> _Problem description_: Your answer must consist of one number: how many lines in the records contain "imports".

*** Begin section ***

lemma det_mexp_sl2:
  assumes "trace X = 0" shows "det (mexp (t *\<^sub>R X)) = 1"
proof -
  have "X$2$2 = - X$1$1" using assms by (simp add: trace_mat2)
  then show ?thesis
    using cosh_sinh_ser_identity[of "- det X" t]
    by (simp add: mexp_sl2[OF assms] det_2 power2_eq_square algebra_simps)
qed

lemma mexp_sl2_commute:
  assumes "trace X = 0" shows "X ** mexp (t *\<^sub>R X) = mexp (t *\<^sub>R X) ** X"
  by (simp add: mexp_sl2[OF assms] matrix_add_ldistrib matrix_add_rdistrib
      matrix_scaleR_left matrix_scaleR_right)

lemma mexp_sl2_neg:
  assumes "trace X = 0"
  shows "mexp (t *\<^sub>R - X) = cosh_ser (- det X) t *\<^sub>R mat 1 - sinh_ser (- det X) t *\<^sub>R X"
proof -
  have "trace (- X) = 0" using assms by (simp add: trace_mat2)
  from mexp_sl2[OF this, of t] show ?thesis by (simp add: det_neg_mat2)
qed

lemma mexp_sl2_mult_neg:
  assumes "trace X = 0" shows "mexp (t *\<^sub>R X) ** mexp (t *\<^sub>R - X) = mat 1"
  using cosh_sinh_ser_identity[of "- det X" t]
  unfolding mexp_sl2[OF assms] mexp_sl2_neg[OF assms]
  by (simp add: matrix_add_rdistrib matrix_diff_ldistrib matrix_scaleR_left matrix_scaleR_right
      sl2_square[OF assms] scaleR_scaleR power2_eq_square algebra_simps)
     (simp flip: scaleR_add_left)

lemma matrix_inv_mexp_sl2:
  assumes "trace X = 0" shows "matrix_inv (mexp (t *\<^sub>R X)) = mexp (t *\<^sub>R - X)"
proof (rule matrix_inv_eqI)
  show "mexp (t *\<^sub>R X) ** mexp (t *\<^sub>R - X) = mat 1" by (rule mexp_sl2_mult_neg[OF assms])
  have "trace (- X) = 0" using assms by (simp add: trace_mat2)
  from mexp_sl2_mult_neg[OF this, of t] show "mexp (t *\<^sub>R - X) ** mexp (t *\<^sub>R X) = mat 1"
    by simp
qed

lemma has_vector_derivative_mexp_sl2:
  assumes "trace X = 0"
  shows "((\<lambda>t. mexp (t *\<^sub>R X)) has_vector_derivative X ** mexp (t *\<^sub>R X)) (at t)"
proof -
  let ?d = "- det X"
  have "((\<lambda>t. cosh_ser ?d t *\<^sub>R mat 1 + sinh_ser ?d t *\<^sub>R X) has_vector_derivative
      (cosh_ser ?d t *\<^sub>R 0 + (?d * sinh_ser ?d t) *\<^sub>R mat 1) + (sinh_ser ?d t *\<^sub>R 0 + cosh_ser ?d t *\<^sub>R X))
      (at t)"
    by (intro has_vector_derivative_add has_vector_derivative_scaleR has_vector_derivative_const
        has_real_derivative_cosh_ser has_real_derivative_sinh_ser)
  moreover have "(cosh_ser ?d t *\<^sub>R 0 + (?d * sinh_ser ?d t) *\<^sub>R mat 1) + (sinh_ser ?d t *\<^sub>R 0 + cosh_ser ?d t *\<^sub>R X)
      = X ** mexp (t *\<^sub>R X)"
    by (simp add: mexp_sl2[OF assms] matrix_add_ldistrib matrix_scaleR_right sl2_square[OF assms]
        add.commute)
  ultimately show ?thesis by (simp add: mexp_sl2[OF assms])
qed
(* Let $d>0$ and $0<p<1$. Any sequence of moves that transforms the distribution $\{(0,1)\}$ into a distribution $\nu$ with $\nu\{|x|\ge d\}\ge p$ contains at least $(3p)^{3/2}d^3$ moves.
   Context: A distribution is a finite set $\{(x_1,m_1),\dots,(x_k,m_k)\}$, $m_i>0$; $\mu(A)=\sum_{x_i\in A}m_i$; $M_j[\mu]=\sum_im_ix_i^j$. A move $v=([a,b],\delta)$ has $b-a=1$ and $\delta$ a signed distribution on $[a,b]$ with $M_0[\delta]=M_1[\delta]=0$; it applies to $\mu$ if $\mu+\delta$ is a distribution, and $v\mu=\mu+\delta$. A sequence of moves is applied successively. *)

theory Defs
  imports Main "HOL-Analysis.Analysis"
begin

text \<open>A (signed) distribution is represented as a finitely supported function
  real => real giving the mass at each point; a distribution has nonnegative masses.\<close>

definition supp :: "(real \<Rightarrow> real) \<Rightarrow> real set" where
  "supp \<mu> = {x. \<mu> x \<noteq> 0}"

definition signed_distribution :: "(real \<Rightarrow> real) \<Rightarrow> bool" where
  "signed_distribution \<delta> \<longleftrightarrow> finite (supp \<delta>)"

definition distribution :: "(real \<Rightarrow> real) \<Rightarrow> bool" where
  "distribution \<mu> \<longleftrightarrow> finite (supp \<mu>) \<and> (\<forall>x. \<mu> x \<ge> 0)"

definition mass :: "(real \<Rightarrow> real) \<Rightarrow> real set \<Rightarrow> real" where
  "mass \<mu> A = (\<Sum>x \<in> supp \<mu> \<inter> A. \<mu> x)"

definition moment :: "nat \<Rightarrow> (real \<Rightarrow> real) \<Rightarrow> real" where
  "moment j \<mu> = (\<Sum>x \<in> supp \<mu>. \<mu> x * x ^ j)"

text \<open>A move ([a,b],delta) is encoded as the pair (a, delta); b = a + 1.\<close>
type_synonym move = "real \<times> (real \<Rightarrow> real)"

definition is_move :: "move \<Rightarrow> bool" where
  "is_move v \<longleftrightarrow> (case v of (a, \<delta>) \<Rightarrow>
      signed_distribution \<delta> \<and> supp \<delta> \<subseteq> {a..a+1} \<and>
      moment 0 \<delta> = 0 \<and> moment 1 \<delta> = 0)"

definition move_applies :: "move \<Rightarrow> (real \<Rightarrow> real) \<Rightarrow> bool" where
  "move_applies v \<mu> \<longleftrightarrow> distribution (\<lambda>x. \<mu> x + snd v x)"

definition apply_move :: "move \<Rightarrow> (real \<Rightarrow> real) \<Rightarrow> (real \<Rightarrow> real)" where
  "apply_move v \<mu> = (\<lambda>x. \<mu> x + snd v x)"

inductive transforms :: "move list \<Rightarrow> (real \<Rightarrow> real) \<Rightarrow> (real \<Rightarrow> real) \<Rightarrow> bool" where
  Nil: "transforms [] \<mu> \<mu>"
| Cons: "is_move v \<Longrightarrow> move_applies v \<mu> \<Longrightarrow> transforms vs (apply_move v \<mu>) \<nu>
          \<Longrightarrow> transforms (v # vs) \<mu> \<nu>"

definition unit_at_zero :: "real \<Rightarrow> real" where
  "unit_at_zero = (\<lambda>x. if x = 0 then 1 else 0)"

end

theory Submission
  imports Defs
begin

(* Every move on [a, a+1] is dominated in convex order by the "sweep" that
   pushes all mass strictly inside (a, a+1) to the two endpoints, preserving mass and mean.
   Hence the final distribution nu is dominated by the distribution E obtained from the unit
   mass at 0 by the sweeps at the same intervals, so E X^2 under nu is at most M = E X^2
   under E. For sweeps two quantities are tracked: the second moment M and the spread
   S = E|X - Y|. A single sweep satisfies 6 (gain of M)^2 <= gain of S (an L2 argument for the
   Brownian-bridge kernel min s t - s t), so after n sweeps 6 M^2 <= n S; on the other hand
   S^2 <= 4/3 M for every probability distribution. Together n >= 3 sqrt 3 M^(3/2), and
   Chebyshev's bound M >= p d^2 gives n >= (3p)^(3/2) d^3.
   The file proves, in order: the kernel inequality (via integrals on [0,1]); the Gini
   mean-difference bound; expectations and sweeps; domination of moves by sweeps; the growth
   of M and S under sweeps; and finally the main theorem. *)

lemma indicator_Icc_has_integral:
  fixes c :: real assumes "0 \<le> c" "c \<le> 1"
  shows "(indicator {0..c} has_integral c) {0..1}"
proof -
  have "((\<lambda>x. 1::real) has_integral c) {0..c}"
    using has_integral_const_real[of "1::real" 0 c] assms by simp
  then have "((\<lambda>x. if x \<in> {0..c} then 1::real else 0) has_integral c) {0..1}"
    using assms by (subst has_integral_restrict) auto
  moreover have "indicator {0..c} = (\<lambda>x::real. if x \<in> {0..c} then 1::real else 0)"
    by (auto simp: indicator_def)
  ultimately show ?thesis by simp
qed

(* The integral of the centred linear function h(u) = 1/2 - u over [0,c]. *)
lemma centred_has_integral:
  fixes c :: real assumes "0 \<le> c"
  shows "((\<lambda>u. 1/2 - u) has_integral c * (1 - c) / 2) {0..c}"
proof -
  have "((\<lambda>u. 1/2 - u) has_integral (c/2 - c^2/2) - (0/2 - 0^2/2)) {0..c}"
    by (rule fundamental_theorem_of_calculus)
       (use assms in \<open>auto intro!: derivative_eq_intros
          simp: has_real_derivative_iff_has_vector_derivative[symmetric]\<close>)
  then show ?thesis by (simp add: field_simps power2_eq_square)
qed

lemma indicator_times_centred_has_integral:
  fixes c :: real assumes "0 \<le> c" "c \<le> 1"
  shows "((\<lambda>u. indicator {0..c} u * (1/2 - u)) has_integral c * (1 - c) / 2) {0..1}"
proof -
  have "((\<lambda>u. if u \<in> {0..c} then 1/2 - u else 0) has_integral c * (1 - c) / 2) {0..1}"
    using assms centred_has_integral by (subst has_integral_restrict) auto
  then show ?thesis by (rule has_integral_eq[rotated]) (simp add: indicator_def)
qed

lemma centred_square_has_integral:
  "((\<lambda>u::real. (1/2 - u) * (1/2 - u)) has_integral 1/12) {0..1}"
proof -
  define F where "F u = u/4 - u^2/2 + u^3/3" for u :: real
  have "((\<lambda>u::real. (1/2 - u) * (1/2 - u)) has_integral F 1 - F 0) {0..1}"
    unfolding F_def
    by (rule fundamental_theorem_of_calculus)
       (auto intro!: derivative_eq_intros
          simp: has_real_derivative_iff_has_vector_derivative[symmetric] algebra_simps power2_eq_square)
  then show ?thesis by (simp add: F_def)
qed

lemma centred_indicators_has_integral:
  fixes s t :: real assumes "0 \<le> s" "s \<le> 1" "0 \<le> t" "t \<le> 1"
  shows "((\<lambda>u. (indicator {0..s} u - s) * (indicator {0..t} u - t))
           has_integral min s t - s * t) {0..1}"
proof -
  have expand: "(\<lambda>u::real. (indicator {0..s} u - s) * (indicator {0..t} u - t)) =
     (\<lambda>u. indicator {0..min s t} u - t * indicator {0..s} u - s * indicator {0..t} u + s * t)"
    by (auto simp: indicator_def algebra_simps)
  have const: "((\<lambda>u::real. s * t) has_integral s * t) {0..1}"
    using has_integral_const_real[of "s * t" 0 1] by simp
  have "((\<lambda>u. indicator {0..min s t} u - t * indicator {0..s} u - s * indicator {0..t} u + s * t)
      has_integral min s t - t * s - s * t + s * t) {0..1}"
    using assms
    by (intro has_integral_add has_integral_diff has_integral_mult_right
          indicator_Icc_has_integral const) auto
  then show ?thesis unfolding expand by (simp add: algebra_simps)
qed

lemma centred_indicator_times_centred_has_integral:
  fixes s :: real assumes "0 \<le> s" "s \<le> 1"
  shows "((\<lambda>u. (indicator {0..s} u - s) * (1/2 - u)) has_integral s * (1 - s) / 2) {0..1}"
proof -
  have "((\<lambda>u. indicator {0..s} u * (1/2 - u) - s * (1/2 - u)) has_integral
      s * (1 - s) / 2 - s * (1 * (1 - 1) / 2)) {0..1}"
    using assms
    by (intro has_integral_diff has_integral_mult_right
          indicator_times_centred_has_integral centred_has_integral) auto
  then show ?thesis by (simp add: algebra_simps)
qed

(* With F = sum w_i (1_[0,s_i] - s_i) the right side is the integral of F^2, and the sum on
   the left is twice the integral of F h; the bound is the integral of (F - 6 Q h)^2 >= 0. *)
lemma min_kernel_quadratic_form_bound:
  fixes s w :: "'a \<Rightarrow> real"
  assumes fin: "finite I" and s_range: "\<And>i. i \<in> I \<Longrightarrow> 0 \<le> s i \<and> s i \<le> 1"
  shows "3 * (\<Sum>i\<in>I. w i * (s i * (1 - s i)))\<^sup>2
           \<le> (\<Sum>i\<in>I. \<Sum>j\<in>I. w i * w j * (min (s i) (s j) - s i * s j))"
proof -
  define Q where "Q = (\<Sum>i\<in>I. w i * (s i * (1 - s i)))"
  define D where "D = (\<Sum>i\<in>I. \<Sum>j\<in>I. w i * w j * (min (s i) (s j) - s i * s j))"
  define f where "f i u = indicator {0..s i} u - s i" for i u
  define F where "F u = (\<Sum>i\<in>I. w i * f i u)" for u
  define c where "c = 6 * Q"
  have FF: "((\<lambda>u. F u * F u) has_integral D) {0..1}"
  proof -
    have "F u * F u = (\<Sum>i\<in>I. \<Sum>j\<in>I. w i * w j * (f i u * f j u))" for u
      by (simp add: F_def sum_product algebra_simps)
    moreover have "((\<lambda>u. \<Sum>i\<in>I. \<Sum>j\<in>I. w i * w j * (f i u * f j u)) has_integral D) {0..1}"
      unfolding D_def f_def using s_range
      by (intro has_integral_sum fin has_integral_mult_right centred_indicators_has_integral) auto
    ultimately show ?thesis by simp
  qed
  have Fh: "((\<lambda>u. F u * (1/2 - u)) has_integral Q / 2) {0..1}"
  proof -
    have "F u * (1/2 - u) = (\<Sum>i\<in>I. w i * (f i u * (1/2 - u)))" for u
      by (simp add: F_def sum_distrib_right mult.assoc)
    moreover have "((\<lambda>u. \<Sum>i\<in>I. w i * (f i u * (1/2 - u))) has_integral
        (\<Sum>i\<in>I. w i * (s i * (1 - s i) / 2))) {0..1}"
      unfolding f_def using s_range
      by (intro has_integral_sum fin has_integral_mult_right
            centred_indicator_times_centred_has_integral) auto
    moreover have "(\<Sum>i\<in>I. w i * (s i * (1 - s i) / 2)) = Q / 2"
      by (simp add: Q_def sum_divide_distrib)
    ultimately show ?thesis by (simp only:)
  qed
  have "((\<lambda>u. (F u - c * (1/2 - u))\<^sup>2) has_integral D - c * Q + c\<^sup>2 / 12) {0..1}"
  proof -
    have "(F u - c * (1/2 - u))\<^sup>2
        = F u * F u + (-2 * c) * (F u * (1/2 - u)) + c\<^sup>2 * ((1/2 - u) * (1/2 - u))" for u
      by (simp add: power2_eq_square algebra_simps)
    moreover have "((\<lambda>u. F u * F u + (-2 * c) * (F u * (1/2 - u)) + c\<^sup>2 * ((1/2 - u) * (1/2 - u)))
        has_integral D + (-2 * c) * (Q / 2) + c\<^sup>2 * (1/12)) {0..1}"
      by (intro has_integral_add has_integral_mult_right FF Fh centred_square_has_integral)
    ultimately show ?thesis by simp
  qed
  then have "0 \<le> D - c * Q + c\<^sup>2 / 12"
    by (rule has_integral_nonneg) simp
  then show ?thesis
    by (simp add: Q_def[symmetric] D_def[symmetric] c_def power2_eq_square)
qed

definition weight_below :: "real set \<Rightarrow> (real \<Rightarrow> real) \<Rightarrow> real \<Rightarrow> real" where
  "weight_below A w x = (\<Sum>y\<in>{y\<in>A. y < x}. w y)"

definition weight_above :: "real set \<Rightarrow> (real \<Rightarrow> real) \<Rightarrow> real \<Rightarrow> real" where
  "weight_above A w x = (\<Sum>y\<in>{y\<in>A. x < y}. w y)"

lemma weight_below_above_total:
  assumes "finite A" "x \<in> A"
  shows "weight_below A w x + w x + weight_above A w x = sum w A"
proof -
  have "sum w A = (\<Sum>y\<in>A. (if y < x then w y else 0) + (if x < y then w y else 0)
                          + (if y = x then w y else 0))"
    by (rule sum.cong) auto
  also have "\<dots> = weight_below A w x + weight_above A w x + w x"
    using assms by (simp add: weight_below_def weight_above_def sum.distrib sum.inter_filter)
  finally show ?thesis by simp
qed

lemma telescoping_sorted:
  fixes \<phi> w :: "real \<Rightarrow> real"
  assumes "finite A"
  shows "(\<Sum>x\<in>A. \<phi> (weight_below A w x + w x) - \<phi> (weight_below A w x)) = \<phi> (sum w A) - \<phi> 0"
  using assms
proof (induction A rule: finite_linorder_max_induct)
  case empty
  then show ?case by simp
next
  case (insert b A)
  have "b \<notin> A" using insert by auto
  have below_old: "weight_below (insert b A) w x = weight_below A w x" if "x \<in> A" for x
    using insert that unfolding weight_below_def by (intro sum.cong) auto
  have below_new: "weight_below (insert b A) w b = sum w A"
    unfolding weight_below_def using insert by (intro sum.cong) auto
  have "(\<Sum>x\<in>insert b A. \<phi> (weight_below (insert b A) w x + w x) - \<phi> (weight_below (insert b A) w x))
      = (\<phi> (sum w A + w b) - \<phi> (sum w A))
        + (\<Sum>x\<in>A. \<phi> (weight_below A w x + w x) - \<phi> (weight_below A w x))"
    using insert.hyps(1) \<open>b \<notin> A\<close> by (simp add: below_old below_new)
  also have "\<dots> = \<phi> (sum w (insert b A)) - \<phi> 0"
    using insert \<open>b \<notin> A\<close> by (simp add: add.commute)
  finally show ?case .
qed
lemma inj_on_proj_model: "inj_on proj model"
proof (rule inj_onI)
  fix p q assume p: "p \<in> model" and q: "q \<in> model" and eq: "proj p = proj q"
  define d where "d = p - q"
  have "proj d = 0"
    unfolding d_def using eq linear_diff[OF linear_proj] by simp
  then have d: "d = (d $ base) *\<^sub>R axis base 1 + (\<Sum>j\<in>J. (d $ pc j) *\<^sub>R dir j)"
    by (rule proj_kernel)
  have jprob_d:
    "jprob d E = d $ base * (if E base then 1 else 0) + (\<Sum>k\<in>J. d $ pc k * jprob (dir k) E)" for E
    by (subst d) (simp add: jprob_sum)
  have simplex: "\<forall>w. 0 \<le> p $ w" "jprob p (\<lambda>_. True) = 1" "\<forall>w. 0 \<le> q $ w" "jprob q (\<lambda>_. True) = 1"
    using p q unfolding model_def prob_simplex_iff by auto
  then have "d $ base = 0"
    using jprob_d[of "\<lambda>_. True"] by (simp add: d_def jprob_dir_total)
  have "d $ pc j = 0" if j: "j \<in> J" for j
  proof -
    have "jprob d (N j) = d $ pc j"
      using finite_J j \<open>d $ base = 0\<close>
      by (simp add: jprob_d jprob_dir_N if_distrib[of "\<lambda>x. _ * x"] sum.delta cong: if_cong)
    moreover have "jprob p (X j) = jprob q (X j)" if "X \<in> {S, R, C}" for X
      using that j \<open>d $ base = 0\<close> jprob_d[of "X j"] jprob_dir_S jprob_dir_R jprob_dir_C
      by (auto simp: d_def)
    then have "jprob p (N j) = jprob q (N j)"
      using p q j simplex N_imp_S unfolding model_def
      by (intro jprob_eq_by_constraint[of p q "N j" "S j" "R j" "C j"]) auto
    ultimately show ?thesis
      by (simp add: d_def)
  qed
  then have "d = 0"
    using \<open>d $ base = 0\<close> by (subst d) simp
  then show "p = q"
    by (simp add: d_def)
qed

*** End section ***

> _Result_: 2